▶ [INSTRUCTIONS TO FOLLOW]: Filtering the records below, copy only those lines that include the word "longrightarrow".

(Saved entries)
(* Let $q$ be a prime power, let $F_1\subsetneq F_0\subseteq\mathbb{F}_q^n$ be linear codes, and let $G_E\in\mathbb{F}_q^{e\times n}$ have row space $E$ with $F_0\cap E=\{\underline{0}\}$. In the QSS scheme given by $\mathrm{ECSS}(F_0,F_1,G_E)$, when the combiner has prior access to all $e$ extension qudits, the secret can be recovered from every choice of $\tau$ qudits out of the $n$ original qudits (i.e. $J\cup\{n+1,\dots,n+e\}$ is authorized for every $J\subseteq[n]$ with $|J|=\tau$) if and only if $\tau\geq\tau_e$, where $$\tau_e=n-\min\{\mathrm{wt}(F_0\setminus F_1),\ \mathrm{wt}((F_1+E)^\perp\setminus(F_0+E)^\perp)\}+1.$$
   Context: For linear codes $L_1\subsetneq L_0\subseteq\mathbb{F}_q^n$, $\mathrm{wt}(L_0\setminus L_1)=\min\{\mathrm{wt}(\underline{c}):\underline{c}\in L_0,\ \underline{c}\notin L_1\}$ (Hamming weight); $L^\perp$ is the dual code. Let $F_0,F_1$ have dimensions $f_0,f_1$, and let $G_{F_0}=\begin{bmatrix}G_{F_0/F_1}\\ G_{F_1}\end{bmatrix}$ be a generator matrix of $F_0$ with $G_{F_1}$ generating $F_1$ and $G_{F_0/F_1}$ generating a complement of $F_1$ in $F_0$. The extended CSS code $\mathrm{ECSS}(F_0,F_1,G_E)$ is the CSS code of $C_0$ over $C_1$ where $C_0,C_1\subseteq\mathbb{F}_q^{n+e}$ are generated by $\begin{bmatrix}G_{F_0}&0\\ G_E&I_e\end{bmatrix}$ and $\begin{bmatrix}G_{F_1}&0\\ G_E&I_e\end{bmatrix}$; its encoding maps (up to normalization, extended linearly) $|\underline{s}\rangle$, $\underline{s}\in\mathbb{F}_q^{f_0-f_1}$, to $\sum_{\underline{r}_1\in\mathbb{F}_q^{f_1},\underline{r}_2\in\mathbb{F}_q^{e}}|[\,G_{F_0/F_1}^T\ G_{F_1}^T\ G_E^T\,](\underline{s};\underline{r}_1;\underline{r}_2)\rangle|\underline{r}_2\rangle$. The first $n$ qudits are the original qudits and the last $e$ the extension qudits; qudit $j$ is given to party $j\in[n+e]$. A set of parties is authorized if the secret can be recovered from their qudits. *)

theory Defs
  imports Complex_Main
begin

text \<open>Vectors over the finite field 'a are functions nat => 'a; the vectors of F_q^n are
  those supported in {..<n} (coordinate j of the paper is index j-1 here).
  More generally vecs A is the set of functions supported in the index set A; it also serves
  as the computational basis of the qudits indexed by A.\<close>

definition vecs :: "nat set \<Rightarrow> (nat \<Rightarrow> 'a::zero) set" where
  "vecs A = {v. \<forall>i. i \<notin> A \<longrightarrow> v i = 0}"

definition zerov :: "nat \<Rightarrow> 'a::zero" where
  "zerov = (\<lambda>_. 0)"

definition vadd :: "(nat \<Rightarrow> 'a::plus) \<Rightarrow> (nat \<Rightarrow> 'a) \<Rightarrow> (nat \<Rightarrow> 'a)" where
  "vadd u v = (\<lambda>i. u i + v i)"

definition linear_code :: "nat \<Rightarrow> (nat \<Rightarrow> 'a::field) set \<Rightarrow> bool" where
  "linear_code n L \<longleftrightarrow> L \<subseteq> vecs {..<n} \<and> zerov \<in> L \<and>
     (\<forall>u\<in>L. \<forall>v\<in>L. vadd u v \<in> L) \<and> (\<forall>c. \<forall>v\<in>L. (\<lambda>i. c * v i) \<in> L)"

text \<open>A matrix is a list of rows; lincomb G c = c^T G (row vector c times G).\<close>

definition lincomb :: "(nat \<Rightarrow> 'a::field) list \<Rightarrow> (nat \<Rightarrow> 'a) \<Rightarrow> (nat \<Rightarrow> 'a)" where
  "lincomb G c = (\<lambda>j. \<Sum>i<length G. c i * (G ! i) j)"

definition row_space :: "(nat \<Rightarrow> 'a::field) list \<Rightarrow> (nat \<Rightarrow> 'a) set" where
  "row_space G = lincomb G ` vecs {..<length G}"

definition rows_indep :: "(nat \<Rightarrow> 'a::field) list \<Rightarrow> bool" where
  "rows_indep G \<longleftrightarrow> (\<forall>c \<in> vecs {..<length G}. lincomb G c = zerov \<longrightarrow> c = zerov)"

definition generator_matrix :: "(nat \<Rightarrow> 'a::field) list \<Rightarrow> (nat \<Rightarrow> 'a) set \<Rightarrow> bool" where
  "generator_matrix G L \<longleftrightarrow> rows_indep G \<and> row_space G = L"

definition code_sum :: "(nat \<Rightarrow> 'a::plus) set \<Rightarrow> (nat \<Rightarrow> 'a) set \<Rightarrow> (nat \<Rightarrow> 'a) set" where
  "code_sum L M = {vadd u v | u v. u \<in> L \<and> v \<in> M}"

definition dual :: "nat \<Rightarrow> (nat \<Rightarrow> 'a::field) set \<Rightarrow> (nat \<Rightarrow> 'a) set" where
  "dual n L = {v \<in> vecs {..<n}. \<forall>c\<in>L. (\<Sum>i<n. v i * c i) = 0}"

▶ [RESPONSE TO THE EXERCISE]:
  "vecs A = {v. \<forall>i. i \<notin> A \<longrightarrow> v i = 0}"
  "rows_indep G \<longleftrightarrow> (\<forall>c \<in> vecs {..<length G}. lincomb G c = zerov \<longrightarrow> c = zerov)"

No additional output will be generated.